- Born: 21 April 1953 (age 73) Buenos Aires, Argentina
- Occupations: Novelist, playwright, short story writer, poet, film critic
- Writing career
- Period: 1980–2009
- Genres: Fiction, essay

= Ángel Faretta =

Ángel Faretta (Buenos Aires, Argentina, 1953) is an Argentine writer, film and art scholar, poet, poetry translator, and narrator. Since 1977, he has published essays and analytical and critical articles on art, literature, and cinema in different media. His followers considerer him one of the insightful, influential, and consummate theoreticians of cinema in Argentina. Film critic and screenwriter Fernando Regueira wrote, "Faretta is the only thinker with his own theory of cinema--and a general aesthetics--in our country and, perhaps, in the whole Spanish-speaking world".

== Biography and Work ==
He was born in Buenos Aires on April 21, 1953. He is from a traditional Italian family. His father, Donato (1900-1988), emigrated to Argentina in 1926, where he engaged in rural work in the region of the family property in Saladillo and then in industry and construction. His mother, Lisa Pingitore (1914-1988), born in Argentina, also descended from a very traditional family from the south of Italy of noble ancestry, especially through the maternal line of the Di Renzo family. Faretta did his primary and secondary studies with the Piarist Fathers at the Calasanz School in Caballito. He studied philosophy, theology, aesthetics, history of art and religion, as well as traditional symbolism with Gillo Dorfles and Guido Aristarco in Italy, and with Adolfo Carpio, Conrado Eggers Lan, Antonio Pagés Larraya, and Héctor Ciocchini in Argentina, among others. In Faretta's words;

"In those years, secondary school, at least the one I attended, provided a comprehensive education. Latin, theology, philosophy, literature, and, most importantly, the interaction with teachers.."

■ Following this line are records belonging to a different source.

lemma piG_eq: "piG \<iota> T = embed_Egt \<iota> (coord_Egt \<iota> T)"
proof (intro ext)
  fix x y m
  have "(\<Sum>\<^sub>\<infinity>n. Pmat \<iota> x z m n * T z y n) = (if z = x then embed_Egt \<iota> (coord_Egt \<iota> T) x y m else 0)" for z
  proof -
    have "(\<lambda>n. Pmat \<iota> x z m n * T z y n)
        = (\<lambda>n. if n = \<iota> x then (if z = x then embed_Egt \<iota> (coord_Egt \<iota> T) x y m else 0) else 0)"
      by (auto simp: Pmat_def embed_Egt_def coord_Egt_def)
    then show ?thesis by (simp add: infsum_delta)
  qed
  then show "piG \<iota> T x y m = embed_Egt \<iota> (coord_Egt \<iota> T) x y m"
    by (simp add: piG_def infsum_delta)
qed

lemma piL_eq: "piL \<iota> S = embed_Elt \<iota> (coord_Elt \<iota> S)"
proof (intro ext)
  fix x y n
  have "(\<Sum>\<^sub>\<infinity>m. S x z m * Pmat \<iota> z y m n) = (if z = y then embed_Elt \<iota> (coord_Elt \<iota> S) x y n else 0)" for z
  proof -
    have "(\<lambda>m. S x z m * Pmat \<iota> z y m n)
        = (\<lambda>m. if m = \<iota> z then (if z = y then embed_Elt \<iota> (coord_Elt \<iota> S) x y n else 0) else 0)"
      by (auto simp: Pmat_def embed_Elt_def coord_Elt_def)
    then show ?thesis by (simp add: infsum_delta)
  qed
  then show "piL \<iota> S x y n = embed_Elt \<iota> (coord_Elt \<iota> S) x y n"
    by (simp add: piL_def infsum_delta)
qed

lemma piG_image_Egt:
  assumes "p \<ge> 1"
  shows "piG \<iota> ` Egt p = embed_Egt \<iota> ` Bpu p"
proof
  show "piG \<iota> ` Egt p \<subseteq> embed_Egt \<iota> ` Bpu p"
    using coord_Egt_in_Bpu[OF _ assms] by (auto simp: piG_eq)
  show "embed_Egt \<iota> ` Bpu p \<subseteq> piG \<iota> ` Egt p"
    using embed_Egt_in_Egt[OF _ assms] by (metis coord_embed_Egt image_eqI image_subsetI piG_eq)
qed

lemma piL_image_Elt:
  assumes "p \<ge> 1"
  shows "piL \<iota> ` Elt p = embed_Elt \<iota> ` Bpu p"
proof
  show "piL \<iota> ` Elt p \<subseteq> embed_Elt \<iota> ` Bpu p"
    using coord_Elt_in_Bpu[OF _ assms] by (auto simp: piL_eq)
  show "embed_Elt \<iota> ` Bpu p \<subseteq> piL \<iota> ` Elt p"
    using embed_Elt_in_Elt[OF _ assms] by (metis coord_embed_Elt image_eqI image_subsetI piL_eq)
qed
lemma interval_zeta_finite:
  assumes tp: "tp \<notin> complex_of_real ` {..-1}" and tm: "tm \<notin> complex_of_real ` {1..}"
    and "idx_less a b" "\<nexists>n m. a = Pos n \<and> b = Neg m"
  obtains F where "F holomorphic_on UNIV"
    "\<And>s. ((\<lambda>c. idx_pow tp tm c s) has_sum F s) (idx_between a b)"
    "\<And>k. F (- of_nat k) = bernoulli_endpoint_sum k (idx_val tp tm a) (idx_val tp tm b)"
proof -
  obtain L c where c: "bij_betw c {..<L} (idx_between a b)"
    "\<And>m. m < L \<Longrightarrow> idx_val tp tm (c m) = of_nat (Suc m) + idx_val tp tm a"
    "idx_val tp tm b = idx_val tp tm a + of_nat L + 1"
    using idx_between_finite_progression [OF assms(3,4)] by blast
  have "finite (idx_between a b)"
    using bij_betw_finite [OF c(1)] by simp
  show ?thesis
  proof (rule that [of "\<lambda>s. \<Sum>c\<in>idx_between a b. idx_pow tp tm c s"])
    show "(\<lambda>s. \<Sum>c\<in>idx_between a b. idx_pow tp tm c s) holomorphic_on UNIV"
      by (intro holomorphic_on_sum holomorphic_idx_pow)
    show "((\<lambda>c. idx_pow tp tm c s) has_sum (\<Sum>c\<in>idx_between a b. idx_pow tp tm c s)) (idx_between a b)" for s
      using \<open>finite (idx_between a b)\<close> by (rule has_sum_finite)
    fix k
    have "(\<Sum>c\<in>idx_between a b. idx_pow tp tm c (- of_nat k)) = (\<Sum>c\<in>idx_between a b. idx_val tp tm c ^ k)"
      using idx_val_nonzero [OF tp tm] by (intro sum.cong refl idx_pow_minus_of_nat) blast
    also have "\<dots> = (\<Sum>m<L. (of_nat (Suc m) + idx_val tp tm a) ^ k)"
      using c(2) by (simp add: sum.reindex_bij_betw [OF c(1), symmetric])
    also have "\<dots> = bernoulli_endpoint_sum k (idx_val tp tm a) (idx_val tp tm b)"
      using c(3) by (rule sum_shifted_powers_eq_bernoulli_endpoint_sum)
    finally show "(\<Sum>c\<in>idx_between a b. idx_pow tp tm c (- of_nat k))
        = bernoulli_endpoint_sum k (idx_val tp tm a) (idx_val tp tm b)" .
  qed
qed

lemma idx_between_Pos_Neg:
  "idx_between (Pos n) (Neg m) = range (\<lambda>j. Pos (n + Suc j)) \<union> range (\<lambda>j. Neg (m + Suc j))"
proof (intro set_eqI iffI)
  fix c assume c: "c \<in> idx_between (Pos n) (Neg m)"
  show "c \<in> range (\<lambda>j. Pos (n + Suc j)) \<union> range (\<lambda>j. Neg (m + Suc j))"
  proof (cases c)
    case (Pos i)
    with c have "i = n + Suc (i - Suc n)"
      by (simp add: idx_between_def)
    with Pos show ?thesis
      by blast
  next
    case (Neg i)
    with c have "i = m + Suc (i - Suc m)"
      by (simp add: idx_between_def)
    with Neg show ?thesis
      by blast
  qed
qed (auto simp: idx_between_def)

lemma has_sum_idx_pow_Pos_Neg:
  assumes "((\<lambda>j. (of_nat (Suc j) + (of_nat n + tp)) powr (- s)) has_sum X) UNIV"
    and "((\<lambda>j. (of_nat (Suc j) + (of_nat m - tm)) powr (- s)) has_sum Y) UNIV"
  shows "((\<lambda>c. idx_pow tp tm c s) has_sum (X + exp (complex_of_real pi * \<i> * s) * Y))
           (idx_between (Pos n) (Neg m))"
proof -
  have "(\<lambda>c. idx_pow tp tm c s) \<circ> (\<lambda>j. Pos (n + Suc j)) = (\<lambda>j. (of_nat (Suc j) + (of_nat n + tp)) powr (- s))"
    by (auto simp: algebra_simps)
  then have "((\<lambda>c. idx_pow tp tm c s) has_sum X) (range (\<lambda>j. Pos (n + Suc j)))"
    using assms(1) by (simp add: has_sum_reindex inj_on_def)
  moreover have "(\<lambda>c. idx_pow tp tm c s) \<circ> (\<lambda>j. Neg (m + Suc j))
      = (\<lambda>j. exp (complex_of_real pi * \<i> * s) * (of_nat (Suc j) + (of_nat m - tm)) powr (- s))"
    by (auto simp: algebra_simps)
  then have "((\<lambda>c. idx_pow tp tm c s) has_sum (exp (complex_of_real pi * \<i> * s) * Y))
      (range (\<lambda>j. Neg (m + Suc j)))"
    using has_sum_cmult_right [OF assms(2)] by (simp add: has_sum_reindex inj_on_def)
  ultimately show ?thesis
    unfolding idx_between_Pos_Neg by (rule has_sum_Un_disjoint) auto
qed

lemma removable_pole_at_1:
  assumes "h holomorphic_on UNIV" "h 1 = 0"
  obtains q where "q holomorphic_on UNIV" "\<And>z. z \<noteq> 1 \<Longrightarrow> q z = h z / (z - 1)"
proof
  show "(\<lambda>z. if z = 1 then deriv h 1 else (h z - h 1) / (z - 1)) holomorphic_on UNIV"
    using assms(1) by (rule pole_lemma) simp
qed (simp add: assms(2))
lemma pmlf_queue_inv_complete:
  assumes inv: "pmlf_inv \<delta> p ph n Q r S" and "Q i \<noteq> []" "j = hd (Q i)"
  shows "pmlf_queue_inv \<delta> p ph n (Q(i := tl (Q i))) (r(j := p j)) (S @ [(Some j, p j - r j)])"
proof -
  let ?Q = "Q(i := tl (Q i))" and ?r = "r(j := p j)" and ?S = "S @ [(Some j, p j - r j)]"
  have set_Q: "set (?Q l) = set (Q l) - {j}" for l
    using set_pop_queue[OF pmlf_inv_queues_wf[OF inv] \<open>Q i \<noteq> []\<close>] \<open>j = hd (Q i)\<close> by simp
  have queued: "queued ?Q x \<longleftrightarrow> queued Q x \<and> x \<noteq> j" for x
    using queued_pop_queue[OF pmlf_inv_queues_wf[OF inv] \<open>Q i \<noteq> []\<close>] \<open>j = hd (Q i)\<close> by simp
  have unfinished: "unfinished_pieces ?S p x = unfinished_pieces S p x" for x
    using unfinished_pieces_step[of r j S, OF pmlf_inv_prefix_work[OF inv]] by simp
  show ?thesis
    unfolding pmlf_queue_inv_def
  proof (intro conjI allI impI)
    show "queues_wf ?Q" using queues_wf_pop[OF pmlf_inv_queues_wf[OF inv] \<open>Q i \<noteq> []\<close>] .
    show "finite {l. ?Q l \<noteq> []}"
      using pmlf_inv_finite[OF inv] by (rule finite_subset[rotated]) (auto simp: \<open>Q i \<noteq> []\<close>)
  next
    fix l x assume "x \<in> set (?Q l)"
    then have "x \<in> set (Q l)" "x \<noteq> j" unfolding set_Q by auto
    then show "x < n" "level_bound \<delta> l \<le> p x" "?r x \<le> level_bound \<delta> l" "?r x < p x"
      "int (unfinished_pieces ?S p x) + initial_level \<delta> ph x = l"
      using pmlf_inv_queued[OF inv, of x l] by (simp_all add: unfinished)
  next
    fix x assume "x < n" "\<not> queued ?Q x"
    then show "?r x = p x" using pmlf_inv_finished[OF inv] queued by auto
  next
    fix l x y assume "x \<in> set (?Q l)" "queued ?Q y"
    then have "x \<in> set (Q l)" "queued Q y" "y \<noteq> j" unfolding set_Q queued by auto
    then show "?r y \<le> level_bound \<delta> (l + 1)"
      using pmlf_inv_received[OF inv, of x l y] by simp
  qed
qed

lemma pmlf_account_inv_complete:
  assumes inv: "pmlf_inv \<delta> p ph n Q r S" and "Q i \<noteq> []" "j = hd (Q i)"
  shows "pmlf_account_inv \<delta> p ph n (Q(i := tl (Q i))) (r(j := p j)) (S @ [(Some j, p j - r j)])"
proof -
  let ?Q = "Q(i := tl (Q i))" and ?r = "r(j := p j)" and ?S = "S @ [(Some j, p j - r j)]"
  have queued: "queued ?Q x \<longleftrightarrow> queued Q x \<and> x \<noteq> j" for x
    using queued_pop_queue[OF pmlf_inv_queues_wf[OF inv] \<open>Q i \<noteq> []\<close>] \<open>j = hd (Q i)\<close> by simp
  have unfinished: "unfinished_pieces ?S p x = unfinished_pieces S p x" for x
    using unfinished_pieces_step[of r j S, OF pmlf_inv_prefix_work[OF inv]] by simp
  have "j \<in> set (Q i)" using assms(2,3) by simp
  then have j: "j < n" "r j < p j" using pmlf_inv_queued[OF inv] by blast+
  show ?thesis
    unfolding pmlf_account_inv_def
  proof (intro conjI allI impI)
    show "idle_free n ?S"
      using pmlf_inv_idle_free[OF inv] j(1) by (rule idle_free_snoc) (use j(2) in simp)
    show "length ?S = (\<Sum>x<n. unfinished_pieces ?S p x + (if queued ?Q x then 0 else 1))"
      using pmlf_inv_length[OF inv] j(1)
      by (rule length_snoc_sum, unfold unfinished queued) (use \<open>j \<in> set (Q i)\<close> in auto)
  next
    fix x show "?r x = prefix_work ?S x (length ?S)"
      by (rule prefix_work_step[OF pmlf_inv_prefix_work[OF inv]])
  next
    fix x assume "x < n"
    then show "int (unfinished_pieces ?S p x) + initial_level \<delta> ph x \<le> log (1 + \<delta>) (p x)"
      using pmlf_inv_level_le_log[OF inv] by (simp add: unfinished)
  qed
qed

lemma pmlf_inv_complete:
  assumes "pmlf_inv \<delta> p ph n Q r S" "Q i \<noteq> []" "j = hd (Q i)"
  shows "pmlf_inv \<delta> p ph n (Q(i := tl (Q i))) (r(j := p j)) (S @ [(Some j, p j - r j)])"
  using pmlf_queue_inv_complete[OF assms] pmlf_account_inv_complete[OF assms]
  unfolding pmlf_inv_def ..

lemma pmlf_queue_inv_demote:
  assumes inv: "pmlf_inv \<delta> p ph n Q r S" and "\<delta> > 0" and "Q i \<noteq> []" "j = hd (Q i)"
    and min: "\<forall>l. Q l \<noteq> [] \<longrightarrow> i \<le> l" and "T = level_bound \<delta> (i + 1)" "T < p j"
  shows "pmlf_queue_inv \<delta> p ph n (Q(i := tl (Q i), i + 1 := Q (i + 1) @ [j])) (r(j := T))
    (S @ [(Some j, T - r j)])"
proof -
  let ?Q = "Q(i := tl (Q i), i + 1 := Q (i + 1) @ [j])" and ?r = "r(j := T)" and ?S = "S @ [(Some j, T - r j)]"
  have set_Q: "set (?Q l) = set (Q l) - {j} \<union> (if l = i + 1 then {j} else {})" for l
    using set_move_queue_head[OF pmlf_inv_queues_wf[OF inv] \<open>Q i \<noteq> []\<close>, of "i + 1"] \<open>j = hd (Q i)\<close>
    by simp
  have queued: "queued ?Q x \<longleftrightarrow> queued Q x" for x
    using queued_move_queue_head[OF pmlf_inv_queues_wf[OF inv] \<open>Q i \<noteq> []\<close>, of "i + 1"] \<open>j = hd (Q i)\<close>
    by simp
  have unfinished: "unfinished_pieces ?S p x = unfinished_pieces S p x + (if x = j then 1 else 0)" for x
    using unfinished_pieces_step[of r j S, OF pmlf_inv_prefix_work[OF inv]] \<open>T < p j\<close> by simp
  have "j \<in> set (Q i)" using assms(3,4) by simp
  then have j: "j < n" "int (unfinished_pieces S p j) + initial_level \<delta> ph j = i"
    using pmlf_inv_queued[OF inv] by blast+
  show ?thesis
    unfolding pmlf_queue_inv_def
  proof (intro conjI allI impI)
    show "queues_wf ?Q"
      using queues_wf_move[OF pmlf_inv_queues_wf[OF inv] \<open>Q i \<noteq> []\<close>, of "i + 1"] \<open>j = hd (Q i)\<close> by simp
    show "finite {l. ?Q l \<noteq> []}"
      by (rule finite_subset[of _ "insert (i + 1) {l. Q l \<noteq> []}"]) (auto simp: pmlf_inv_finite[OF inv])
  next
    fix l x assume "x \<in> set (?Q l)"
    then consider "x \<in> set (Q l)" "x \<noteq> j" | "x = j" "l = i + 1" unfolding set_Q by (auto split: if_splits)
    then have "x < n \<and> level_bound \<delta> l \<le> p x \<and> ?r x \<le> level_bound \<delta> l \<and> ?r x < p x
      \<and> int (unfinished_pieces ?S p x) + initial_level \<delta> ph x = l"
    proof cases
      case 1
      then show ?thesis using pmlf_inv_queued[OF inv, of x l] by (simp add: unfinished)
    next
      case 2
      then show ?thesis using j \<open>T < p j\<close> unfinished[of j] \<open>T = level_bound \<delta> (i + 1)\<close> by simp
    qed
    then show "x < n" "level_bound \<delta> l \<le> p x" "?r x \<le> level_bound \<delta> l" "?r x < p x"
      "int (unfinished_pieces ?S p x) + initial_level \<delta> ph x = l"
      by simp_all
  next
    fix x assume "x < n" "\<not> queued ?Q x"
    from \<open>\<not> queued ?Q x\<close> have "\<not> queued Q x" unfolding queued .
    moreover from this have "x \<noteq> j" using \<open>j \<in> set (Q i)\<close> by blast
    ultimately show "?r x = p x" using pmlf_inv_finished[OF inv \<open>x < n\<close>] by simp
  next
    fix l x y assume x: "x \<in> set (?Q l)" and y: "queued ?Q y"
    have "i \<le> l" using x min unfolding set_Q by (cases "l = i + 1") force+
    have "?r y \<le> T"
      using pmlf_inv_received[OF inv \<open>j \<in> set (Q i)\<close>] y \<open>T = level_bound \<delta> (i + 1)\<close>
      unfolding queued by simp
    also have "\<dots> \<le> level_bound \<delta> (l + 1)"
      using \<open>i \<le> l\<close> \<open>\<delta> > 0\<close> \<open>T = level_bound \<delta> (i + 1)\<close> by (simp add: level_bound_mono)
    finally show "?r y \<le> level_bound \<delta> (l + 1)" .
  qed
qed

lemma pmlf_account_inv_demote:
  assumes inv: "pmlf_inv \<delta> p ph n Q r S" and "\<delta> > 0" and "Q i \<noteq> []" "j = hd (Q i)"
    and "T = level_bound \<delta> (i + 1)" "T < p j"
  shows "pmlf_account_inv \<delta> p ph n (Q(i := tl (Q i), i + 1 := Q (i + 1) @ [j])) (r(j := T))
    (S @ [(Some j, T - r j)])"
proof -
  let ?Q = "Q(i := tl (Q i), i + 1 := Q (i + 1) @ [j])" and ?r = "r(j := T)" and ?S = "S @ [(Some j, T - r j)]"
  have queued: "queued ?Q x \<longleftrightarrow> queued Q x" for x
    using queued_move_queue_head[OF pmlf_inv_queues_wf[OF inv] \<open>Q i \<noteq> []\<close>, of "i + 1"] \<open>j = hd (Q i)\<close>
    by simp
  have unfinished: "unfinished_pieces ?S p x = unfinished_pieces S p x + (if x = j then 1 else 0)" for x
    using unfinished_pieces_step[of r j S, OF pmlf_inv_prefix_work[OF inv]] \<open>T < p j\<close> by simp
  have "j \<in> set (Q i)" using assms(3,4) by simp
  then have j: "j < n" "r j \<le> level_bound \<delta> i" "int (unfinished_pieces S p j) + initial_level \<delta> ph j = i"
    using pmlf_inv_queued[OF inv] by blast+
  have "level_bound \<delta> i \<le> T" "0 < T"
    using \<open>\<delta> > 0\<close> \<open>T = level_bound \<delta> (i + 1)\<close> by (auto intro: level_bound_mono)
  then have "0 < p j" using \<open>T < p j\<close> by linarith
  show ?thesis
    unfolding pmlf_account_inv_def
  proof (intro conjI allI impI)
    show "idle_free n ?S"
      using pmlf_inv_idle_free[OF inv] j(1) by (rule idle_free_snoc) (use j(2) \<open>level_bound \<delta> i \<le> T\<close> in simp)
    show "length ?S = (\<Sum>x<n. unfinished_pieces ?S p x + (if queued ?Q x then 0 else 1))"
      using pmlf_inv_length[OF inv] j(1) by (rule length_snoc_sum, unfold unfinished queued) simp
  next
    fix x show "?r x = prefix_work ?S x (length ?S)"
      by (rule prefix_work_step[OF pmlf_inv_prefix_work[OF inv]])
  next
    fix x assume "x < n"
    have "real_of_int (i + 1) < log (1 + \<delta>) (p j)"
      using \<open>T < p j\<close> \<open>0 < p j\<close> \<open>\<delta> > 0\<close> \<open>T = level_bound \<delta> (i + 1)\<close> by (subst less_log_iff) auto
    then show "int (unfinished_pieces ?S p x) + initial_level \<delta> ph x \<le> log (1 + \<delta>) (p x)"
      using pmlf_inv_level_le_log[OF inv \<open>x < n\<close>] j(3) by (auto simp: unfinished)
  qed
qed

lemma pmlf_inv_demote:
  assumes "pmlf_inv \<delta> p ph n Q r S" "\<delta> > 0" "Q i \<noteq> []" "j = hd (Q i)"
    and "\<forall>l. Q l \<noteq> [] \<longrightarrow> i \<le> l" "level_bound \<delta> (i + 1) < p j"
  shows "pmlf_inv \<delta> p ph n (Q(i := tl (Q i), i + 1 := Q (i + 1) @ [j]))
    (r(j := level_bound \<delta> (i + 1))) (S @ [(Some j, level_bound \<delta> (i + 1) - r j)])"
  using pmlf_queue_inv_demote[OF assms(1-5) refl assms(6)] pmlf_account_inv_demote[OF assms(1-4) refl assms(6)]
  unfolding pmlf_inv_def ..
lemma weighted_recenter_coeff_summable_bound:
  fixes s :: real
  assumes s: "0 \<le> s" "s < 1"
  shows "(\<lambda>i. (real i + 1) ^ n * recenter_coeff s (1 - s) i j) summable_on UNIV"
    and "(\<Sum>\<^sub>\<infinity>i. (real i + 1) ^ n * recenter_coeff s (1 - s) i j)
           \<le> fact n * (real j + 1) ^ n / (1 - s) ^ (n + 1)"
proof -
  define M where "M = j + n"
  define K where "K = fact n * real (M choose n) * (1 - s) ^ j"
  define G where "G i = (if j \<le> i then K * (real ((i + n) choose M) * s ^ (i - j)) else 0)" for i
  have "(\<lambda>l. K * (real ((l + M) choose M) * s ^ l)) sums (K * (1 / (1 - s) ^ (M + 1)))"
    using s by (intro sums_mult negative_binomial_sums) simp
  also have "(\<lambda>l. K * (real ((l + M) choose M) * s ^ l)) = (\<lambda>l. G (l + j))"
    by (auto simp: G_def M_def algebra_simps)
  finally have "G sums (K / (1 - s) ^ (M + 1))"
    by (subst (asm) sums_zero_iff_shift) (auto simp: G_def)
  moreover have "0 \<le> G i" for i
    using s by (simp add: G_def K_def)
  ultimately have G: "(G has_sum K / (1 - s) ^ (M + 1)) UNIV"
    by (rule sums_nonneg_imp_has_sum)
  have term_nonneg: "0 \<le> (real i + 1) ^ n * recenter_coeff s (1 - s) i j" for i
    using s by (simp add: recenter_coeff_nonneg)
  \<comment> \<open>\<open>(i + 1)\<^sup>n C(i, j) \<le> n! C(i + n, n) C(i, j) = n! C(i + n, j + n) C(j + n, n)\<close>\<close>
  have term_le: "(real i + 1) ^ n * recenter_coeff s (1 - s) i j \<le> G i" for i
  proof (cases "j \<le> i")
    case True
    have "real ((i + 1) ^ n) \<le> real (fact n * ((i + n) choose n))"
      using power_le_fact_mult_choose by (rule of_nat_mono)
    then have "(real i + 1) ^ n \<le> fact n * real ((i + n) choose n)"
      by (simp add: add.commute)
    then have "(real i + 1) ^ n * (real (i choose j) * s ^ (i - j) * (1 - s) ^ j)
        \<le> fact n * real ((i + n) choose n) * (real (i choose j) * s ^ (i - j) * (1 - s) ^ j)"
      using s by (intro mult_right_mono) simp_all
    then have "(real i + 1) ^ n * recenter_coeff s (1 - s) i j
        \<le> fact n * real ((i choose j) * ((i + n) choose n)) * s ^ (i - j) * (1 - s) ^ j"
      using True by (simp add: recenter_coeff_def mult_ac)
    also have "(i choose j) * ((i + n) choose n) = ((i + n) choose M) * (M choose n)"
      using choose_mult[of n M "i + n"] True by (simp add: M_def mult.commute)
    finally show ?thesis
      using True by (simp add: G_def K_def mult_ac)
  qed (simp add: G_def recenter_coeff_def)
  show summable: "(\<lambda>i. (real i + 1) ^ n * recenter_coeff s (1 - s) i j) summable_on UNIV"
    using has_sum_imp_summable[OF G] term_le term_nonneg by (rule summable_on_comparison_test)
  have "(\<Sum>\<^sub>\<infinity>i. (real i + 1) ^ n * recenter_coeff s (1 - s) i j) \<le> infsum G UNIV"
    using summable has_sum_imp_summable[OF G] term_le by (rule infsum_mono)
  also have "\<dots> = K / (1 - s) ^ (M + 1)"
    using G by (rule infsumI)
  also have "\<dots> = fact n * real (M choose n) / (1 - s) ^ (n + 1)"
    using s by (simp add: K_def M_def power_add)
  also have "\<dots> \<le> fact n * (real j + 1) ^ n / (1 - s) ^ (n + 1)"
  proof -
    have "real (M choose n) \<le> real ((j + 1) ^ n)"
      unfolding M_def using choose_le_power by (rule of_nat_mono)
    then show ?thesis
      using s by (intro divide_right_mono mult_left_mono) (simp_all add: add.commute)
  qed
  finally show "(\<Sum>\<^sub>\<infinity>i. (real i + 1) ^ n * recenter_coeff s (1 - s) i j)
      \<le> fact n * (real j + 1) ^ n / (1 - s) ^ (n + 1)" .
qed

Faretta has been teaching privately for four decades, developing his theory in seminars, conferences and in a number of private courses. He has declined university engagements in his country.

==Books==
- Datos tradicionales (Traditional Data, 1993), poems.
- El concepto del cine (The Concept of Cinema, 2005), a summary of his theory on cinema.
- El saber del cuatro (The Knowledge of the Four, 2005), short stories.
- Espíritu de simetría (Spirit of Symmetry, 2008), a compilation of essays published in Fierro magazine in the 1980s and 1990s.
- Tempestad y asalto (Storm and Stress, 2009), a novel.
- La pasión manda. De la condición y representación melodramáticas (Passion Rules. On the Melodramatic Condition and Representation, 2010), an essay.
- Cinco films argentinos (Five Argentine Films, 2012), a book of essays in collaboration with Fernando Regueira, Sebastián Nuñez, Alberto Tricarico y Guillermo Jacubowicz about the classic films Rosaura a las diez, Más allá del olvido, Mujeres que trabajan, Historia de una noche y Safo, historia de una pasión.
- La cosa en cine. Motivos y figuras (The thing in cinema. Motives and figures, 2013), essays.
- Viajeros que huyen (Fleeing Travellers, 2016), novel.
- Poems and translations on the blog "otra iglesia es imposible".
- Essays and studies on sites such as www.angelfaretta.com.ar; "Aquilea liberada" y en "Tapados, raros, fallidos y olvidados".